lemma nn_integral_kernel_tail_finite:
  fixes r p C :: real
  assumes r: "r > 0" and p: "p > 0" and C: "C \<ge> 0"
  shows "(\<integral>\<^sup>+t. indicator {t. r \<le> \<bar>t\<bar>} t * ennreal (C / \<bar>t\<bar> powr (1 + p)) \<partial>lborel) < \<infinity>"
proof -
  define f where "f t = C / t powr (1 + p)" for t :: real
  define F where "F t = - (C / p) * t powr (- p)" for t :: real
  have f_measurable [measurable]: "f \<in> borel_measurable borel"
    unfolding f_def by measurable
  have right: "(\<integral>\<^sup>+t. ennreal (f t) * indicator {r..} t \<partial>lborel) = ennreal (0 - F r)"
  proof (rule nn_integral_FTC_atLeast)
    fix t
    assume "r \<le> t"
    then have t: "t > 0"
      using r by simp
    have "- p - 1 = - (1 + p)"
      by simp
    then have "t powr (- p - 1) = inverse (t powr (1 + p))"
      by (metis powr_minus)
    have "(F has_real_derivative - (C / p) * (- p * t powr (- p - 1))) (at t)"
      unfolding F_def[abs_def] by (rule DERIV_cmult[OF has_real_derivative_powr[OF t]])
    then show "(F has_real_derivative f t) (at t)"
      by (rule DERIV_cong) (use p \<open>t powr (- p - 1) = _\<close> in \<open>simp add: f_def divide_inverse\<close>)
  next
    have "((\<lambda>t. - (C / p) * t powr (- p)) \<longlongrightarrow> - (C / p) * 0) at_top"
      using p by (intro tendsto_mult tendsto_const tendsto_neg_powr filterlim_ident) auto
    then show "(F \<longlongrightarrow> 0) at_top"
      unfolding F_def[abs_def] by simp
  qed (use r C in \<open>simp_all add: f_def\<close>)
  have left: "(\<integral>\<^sup>+t. ennreal (f (- t)) * indicator {..- r} t \<partial>lborel) = ennreal (0 - F r)"
    using nn_integral_real_affine[of "\<lambda>t. ennreal (f t) * indicator {r..} t" "-1" 0] right
    by (simp add: indicator_def le_minus_iff)
  have "(\<integral>\<^sup>+t. indicator {t. r \<le> \<bar>t\<bar>} t * ennreal (C / \<bar>t\<bar> powr (1 + p)) \<partial>lborel)
      \<le> (\<integral>\<^sup>+t. ennreal (f t) * indicator {r..} t + ennreal (f (- t)) * indicator {..- r} t \<partial>lborel)"
    using r by (intro nn_integral_mono) (auto simp: indicator_def f_def)
  also have "\<dots> = ennreal (0 - F r) + ennreal (0 - F r)"
    using right left by (subst nn_integral_add) auto
  finally show ?thesis
    by (simp add: order_le_less_trans)
qed

definition far_kernel :: "real \<Rightarrow> real \<Rightarrow> real \<Rightarrow> real set \<Rightarrow> real \<times> real \<Rightarrow> ennreal" where
  "far_kernel C p r A z =
     indicator {z. (fst z \<in> A \<or> snd z \<in> A) \<and> r \<le> \<bar>snd z - fst z\<bar>} z
       * ennreal (C / \<bar>snd z - fst z\<bar> powr (1 + p))"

** WHAT YOU HAVE TO DO **
Each of the records should be written out precisely as given.

** WRITTEN REPLY **
lemma nn_integral_kernel_tail_finite:
  fixes r p C :: real
  assumes r: "r > 0" and p: "p > 0" and C: "C \<ge> 0"
  shows "(\<integral>\<^sup>+t. indicator {t. r \<le> \<bar>t\<bar>} t * ennreal (C / \<bar>t\<bar> powr (1 + p)) \<partial>lborel) < \<infinity>"
proof -
  define f where "f t = C / t powr (1 + p)" for t :: real
  define F where "F t = - (C / p) * t powr (- p)" for t :: real
  have f_measurable [measurable]: "f \<in> borel_measurable borel"
    unfolding f_def by measurable
  have right: "(\<integral>\<^sup>+t. ennreal (f t) * indicator {r..} t \<partial>lborel) = ennreal (0 - F r)"
  proof (rule nn_integral_FTC_atLeast)
    fix t
    assume "r \<le> t"
    then have t: "t > 0"
      using r by simp
    have "- p - 1 = - (1 + p)"
      by simp
    then have "t powr (- p - 1) = inverse (t powr (1 + p))"
      by (metis powr_minus)
    have "(F has_real_derivative - (C / p) * (- p * t powr (- p - 1))) (at t)"
      unfolding F_def[abs_def] by (rule DERIV_cmult[OF has_real_derivative_powr[OF t]])
    then show "(F has_real_derivative f t) (at t)"
      by (rule DERIV_cong) (use p \<open>t powr (- p - 1) = _\<close> in \<open>simp add: f_def divide_inverse\<close>)
  next
    have "((\<lambda>t. - (C / p) * t powr (- p)) \<longlongrightarrow> - (C / p) * 0) at_top"
      using p by (intro tendsto_mult tendsto_const tendsto_neg_powr filterlim_ident) auto
    then show "(F \<longlongrightarrow> 0) at_top"
      unfolding F_def[abs_def] by simp
  qed (use r C in \<open>simp_all add: f_def\<close>)
  have left: "(\<integral>\<^sup>+t. ennreal (f (- t)) * indicator {..- r} t \<partial>lborel) = ennreal (0 - F r)"
    using nn_integral_real_affine[of "\<lambda>t. ennreal (f t) * indicator {r..} t" "-1" 0] right
    by (simp add: indicator_def le_minus_iff)
  have "(\<integral>\<^sup>+t. indicator {t. r \<le> \<bar>t\<bar>} t * ennreal (C / \<bar>t\<bar> powr (1 + p)) \<partial>lborel)
      \<le> (\<integral>\<^sup>+t. ennreal (f t) * indicator {r..} t + ennreal (f (- t)) * indicator {..- r} t \<partial>lborel)"
    using r by (intro nn_integral_mono) (auto simp: indicator_def f_def)
  also have "\<dots> = ennreal (0 - F r) + ennreal (0 - F r)"
    using right left by (subst nn_integral_add) auto
  finally show ?thesis
    by (simp add: order_le_less_trans)
qed

definition far_kernel :: "real \<Rightarrow> real \<Rightarrow> real \<Rightarrow> real set \<Rightarrow> real \<times> real \<Rightarrow> ennreal" where
  "far_kernel C p r A z =
     indicator {z. (fst z \<in> A \<or> snd z \<in> A) \<and> r \<le> \<bar>snd z - fst z\<bar>} z
       * ennreal (C / \<bar>snd z - fst z\<bar> powr (1 + p))"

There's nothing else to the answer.